SAN DIEGO, BEIJING, and TEL AVIV, Israel, Oct. 25, 2013 /PRNewswire/ -- BioNano Genomics announced today the purchase of two IrysTM Systems to be placed at the Chinese Academy of Sciences in Beijing and the School of Chemistry at the Tel Aviv University in Tel Aviv, Israel. These new placements are designed to run the recently released high-throughput chip, IrysChipTM V2, which supports human genome analysis.

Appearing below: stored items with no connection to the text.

lemma scaleR_sup_nonneg:
  fixes x y :: "'a::{ordered_real_vector,lattice}"
  assumes "0 \<le> c"
  shows "c *\<^sub>R sup x y = sup (c *\<^sub>R x) (c *\<^sub>R y)"
proof (cases "c = 0")
  case False
  with assms have c: "0 < c" by simp
  show ?thesis
  proof (rule antisym)
    have "x \<le> inverse c *\<^sub>R sup (c *\<^sub>R x) (c *\<^sub>R y)" "y \<le> inverse c *\<^sub>R sup (c *\<^sub>R x) (c *\<^sub>R y)"
      using scaleR_left_mono[of "c *\<^sub>R x" "sup (c *\<^sub>R x) (c *\<^sub>R y)" "inverse c"]
        scaleR_left_mono[of "c *\<^sub>R y" "sup (c *\<^sub>R x) (c *\<^sub>R y)" "inverse c"] c
      by simp_all
    then have "sup x y \<le> inverse c *\<^sub>R sup (c *\<^sub>R x) (c *\<^sub>R y)" by simp
    from scaleR_left_mono[OF this, of c] c
    show "c *\<^sub>R sup x y \<le> sup (c *\<^sub>R x) (c *\<^sub>R y)" by simp
    show "sup (c *\<^sub>R x) (c *\<^sub>R y) \<le> c *\<^sub>R sup x y"
      using scaleR_left_mono[of x "sup x y" c] scaleR_left_mono[of y "sup x y" c] assms by simp
  qed
qed simp

lemma scaleR_inf_nonneg:
  fixes x y :: "'a::{ordered_real_vector,lattice}"
  assumes "0 \<le> c"
  shows "c *\<^sub>R inf x y = inf (c *\<^sub>R x) (c *\<^sub>R y)"
proof -
  have "c *\<^sub>R inf x y = - (c *\<^sub>R sup (- x) (- y))"
    by (simp only: riesz.inf_eq_neg_sup[of x y] scaleR_minus_right)
  also have "\<dots> = - sup (- (c *\<^sub>R x)) (- (c *\<^sub>R y))"
    by (simp only: scaleR_sup_nonneg[OF assms] scaleR_minus_right)
  also have "\<dots> = inf (c *\<^sub>R x) (c *\<^sub>R y)"
    by (rule riesz.inf_eq_neg_sup[symmetric])
  finally show ?thesis .
qed

lemma lat_abs_nonneg: "0 \<le> lat_abs (x::'a::{ordered_real_vector,lattice})"
proof -
  have "x + - x \<le> lat_abs x + lat_abs x"
    unfolding lat_abs_def by (intro add_mono sup_ge1 sup_ge2)
  then show ?thesis by simp
qed

lemma lat_abs_of_nonneg: "0 \<le> (x::'a::{ordered_real_vector,lattice}) \<Longrightarrow> lat_abs x = x"
  unfolding lat_abs_def by (simp add: sup_absorb1 order_trans[of "-x" 0 x])

lemma lat_abs_idem [simp]: "lat_abs (lat_abs (x::'a::{ordered_real_vector,lattice})) = lat_abs x"
  by (rule lat_abs_of_nonneg[OF lat_abs_nonneg])

lemma lat_abs_minus [simp]: "lat_abs (- (x::'a::{ordered_real_vector,lattice})) = lat_abs x"
  unfolding lat_abs_def by (simp add: sup_commute)

lemma lat_abs_zero [simp]: "lat_abs (0::'a::{ordered_real_vector,lattice}) = 0"
  unfolding lat_abs_def by simp

lemma lat_abs_ge: "(x::'a::{ordered_real_vector,lattice}) \<le> lat_abs x" "- x \<le> lat_abs x"
  unfolding lat_abs_def by auto

lemma lat_abs_scaleR: "lat_abs (c *\<^sub>R (x::'a::{ordered_real_vector,lattice})) = \<bar>c\<bar> *\<^sub>R lat_abs x"
proof (cases "0 \<le> c")
  case True
  then show ?thesis
    using scaleR_sup_nonneg[OF True, of x "-x"] unfolding lat_abs_def by simp
next
  case False
  then have "0 \<le> - c" "\<bar>c\<bar> = - c" by auto
  then show ?thesis
    using scaleR_sup_nonneg[of "-c" "-x" x] unfolding lat_abs_def by (simp add: sup_commute)
qed

lemma lat_abs_triangle:
  "lat_abs ((x::'a::{ordered_real_vector,lattice}) + y) \<le> lat_abs x + lat_abs y"
  using add_mono[OF lat_abs_ge(1)[of x] lat_abs_ge(1)[of y]]
    add_mono[OF lat_abs_ge(2)[of x] lat_abs_ge(2)[of y]]
  unfolding lat_abs_def[of "x + y"] by simp

text \<open>The negative part of \<open>x\<close> is \<open>riesz.pprt (- x)\<close>.\<close>

lemma pprt_diff_pprt_minus: "riesz.pprt x - riesz.pprt (- x) = (x::'a::{ordered_real_vector,lattice})"
  using riesz.prts[of x] by (simp add: riesz.pprt_neg)

lemma inf_pprt_pprt_minus: "inf (riesz.pprt x) (riesz.pprt (- x)) = (0::'a::{ordered_real_vector,lattice})"
proof -
  have "inf (riesz.pprt x) (riesz.pprt (- x)) = riesz.pprt x + inf 0 (- x)"
    using riesz.add_inf_distrib_left[of "riesz.pprt x" 0 "-x"] pprt_diff_pprt_minus[of x]
    by (simp add: algebra_simps)
  also have "inf 0 (- x) = - riesz.pprt x"
    using riesz.neg_sup_eq_inf[of 0 x] by (simp add: riesz.pprt_def sup_commute)
  finally show ?thesis by simp
qed

lemma pprt_add_pprt_minus: "riesz.pprt x + riesz.pprt (- x) = lat_abs (x::'a::{ordered_real_vector,lattice})"
proof -
  have "riesz.pprt x + riesz.pprt (- x) = sup (riesz.pprt x - x) (riesz.pprt x)"
    using riesz.add_sup_distrib_left[of "riesz.pprt x" "-x" 0] by (simp add: riesz.pprt_def)
  also have "riesz.pprt x - x = sup 0 (- x)"
    using riesz.add_sup_distrib_right[of x 0 "-x"] by (simp add: riesz.pprt_def)
  also have "sup (sup 0 (- x)) (riesz.pprt x) = sup (lat_abs x) 0"
    by (simp add: riesz.pprt_def lat_abs_def sup_aci)
  finally show ?thesis using lat_abs_nonneg[of x] by (simp add: sup_absorb1)
qed

lemma pprt_le_lat_abs: "riesz.pprt x \<le> lat_abs (x::'a::{ordered_real_vector,lattice})"
  using pprt_add_pprt_minus[of x] riesz.zero_le_pprt[of "-x"] by (metis le_add_same_cancel1)

lemma lat_abs_diff_of_inf_eq_0:
  fixes p q :: "'a::{ordered_real_vector,lattice}"
  assumes "0 \<le> p" "0 \<le> q" "inf p q = 0"
  shows "lat_abs (p - q) = p + q"
proof -
  have "lat_abs (p - q) = sup ((p + p) - (p + q)) ((q + q) - (p + q))"
    unfolding lat_abs_def by (simp add: algebra_simps)
  also have "\<dots> = sup (p + p) (q + q) - (p + q)"
    using riesz.add_sup_distrib_right[of "p + p" "q + q" "- (p + q)"] by (simp add: algebra_simps)
  also have "sup (p + p) (q + q) = 2 *\<^sub>R sup p q"
    using scaleR_sup_nonneg[of 2 p q] by (simp add: scaleR_2)
  also have "sup p q = p + q" using riesz.add_eq_inf_sup[of p q] assms(3) by simp
  finally show ?thesis by (simp add: scaleR_2)
qed

lemma inf_add_le_add_inf:
  fixes a a' b :: "'a::{ordered_real_vector,lattice}"
  assumes "0 \<le> a" "0 \<le> a'" "0 \<le> b"
  shows "inf (a + a') b \<le> inf a b + inf a' b"
proof -
  have "inf a b + inf a' b = inf (inf (a + a') (a + b)) (inf (b + a') (b + b))"
    by (simp only: riesz.add_inf_distrib_right riesz.add_inf_distrib_left add.commute inf_aci)
  moreover have "inf (a + a') b \<le> a + b" "inf (a + a') b \<le> b + a'" "inf (a + a') b \<le> b + b"
    using assms by (meson add_increasing add_increasing2 inf.coboundedI2 order_refl)+
  ultimately show ?thesis by simp
qed

lemma diff_inf_eq_pprt: "x - inf x y = riesz.pprt (x - (y::'a::{ordered_real_vector,lattice}))"
  using riesz.add_sup_distrib_left[of x "- x" "- y"]
  by (simp add: riesz.diff_inf_eq_sup riesz.pprt_def sup_commute)

lemma pprt_pieces_below:
  fixes r u :: "'a::{ordered_real_vector,lattice}"
  assumes "0 \<le> r" "0 \<le> u" "0 \<le> d" "d \<le> 1"
  shows "riesz.pprt (inf r u - d *\<^sub>R u) \<le> u" "riesz.pprt (d *\<^sub>R u - r) \<le> u"
    "inf (riesz.pprt (inf r u - d *\<^sub>R u)) (riesz.pprt (d *\<^sub>R u - r)) = 0"
proof -
  have du: "0 \<le> d *\<^sub>R u" "d *\<^sub>R u \<le> u"
    using assms scaleR_right_mono[of d 1 u] by (simp_all add: scaleR_nonneg_nonneg)
  have "inf r u - d *\<^sub>R u \<le> inf r u" using du(1) by (simp only: diff_le_eq le_add_same_cancel1)
  also have "\<dots> \<le> u" by simp
  finally show "riesz.pprt (inf r u - d *\<^sub>R u) \<le> u" unfolding riesz.pprt_def using assms(2) by (rule sup_least)
  have "d *\<^sub>R u - r \<le> d *\<^sub>R u" using assms(1) by (simp only: diff_le_eq le_add_same_cancel1)
  also have "\<dots> \<le> u" by (rule du(2))
  finally show "riesz.pprt (d *\<^sub>R u - r) \<le> u" unfolding riesz.pprt_def using assms(2) by (rule sup_least)
  have "inf (riesz.pprt (inf r u - d *\<^sub>R u)) (riesz.pprt (d *\<^sub>R u - r))
      \<le> inf (riesz.pprt (r - d *\<^sub>R u)) (riesz.pprt (d *\<^sub>R u - r))"
    by (intro inf_mono riesz.pprt_mono) simp_all
  also have "\<dots> = 0" using inf_pprt_pprt_minus[of "r - d *\<^sub>R u"] by simp
  finally show "inf (riesz.pprt (inf r u - d *\<^sub>R u)) (riesz.pprt (d *\<^sub>R u - r)) = 0"
    by (simp add: antisym)
qed

lemma lat_disjoint_commute: "lat_disjoint x y \<longleftrightarrow> lat_disjoint y (x::'a::{ordered_real_vector,lattice})"
  unfolding lat_disjoint_def by (simp add: inf_commute)

lemma lat_disjoint_nonneg_iff:
  fixes x y :: "'a::{ordered_real_vector,lattice}"
  assumes "0 \<le> x" "0 \<le> y"
  shows "lat_disjoint x y \<longleftrightarrow> inf x y = 0"
  unfolding lat_disjoint_def using assms by (simp add: lat_abs_of_nonneg)

lemma lat_disjoint_dominated:
  fixes u v y :: "'a::{ordered_real_vector,lattice}"
  assumes "lat_disjoint v y" "lat_abs u \<le> c *\<^sub>R lat_abs v"
  shows "lat_disjoint u y"
proof -
  define c' where "c' = max c 1"
  have "c *\<^sub>R lat_abs v \<le> c' *\<^sub>R lat_abs v" "lat_abs y \<le> c' *\<^sub>R lat_abs y"
    using scaleR_right_mono[of c c' "lat_abs v"] scaleR_right_mono[of 1 c' "lat_abs y"]
    by (simp_all add: c'_def lat_abs_nonneg)
  with assms(2) have "inf (lat_abs u) (lat_abs y) \<le> inf (c' *\<^sub>R lat_abs v) (c' *\<^sub>R lat_abs y)"
    by (meson inf_mono order_trans)
  also have "\<dots> = 0"
    using assms(1) scaleR_inf_nonneg[of c' "lat_abs v" "lat_abs y"]
    by (simp add: c'_def lat_disjoint_def)
  finally show ?thesis
    unfolding lat_disjoint_def by (simp add: antisym lat_abs_nonneg)
qed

"Our new high-throughput chip shows the Irys System can scale to large complex genomes, which is critical to its utility throughout human genomics and epigenomics," said Han Cao, Ph.D., founder and chief scientific officer of BioNano Genomics. "The Irys System is a versatile and sensitive single molecule imaging platform that allows researchers to rapidly identify structural information over long-range distances with minimal alteration of the native genomic samples. This ability enables them to assemble de novo genomes containing complex, highly variable regions, as well as map epigenomics patterns using various labeling schemes, which are currently in advanced development."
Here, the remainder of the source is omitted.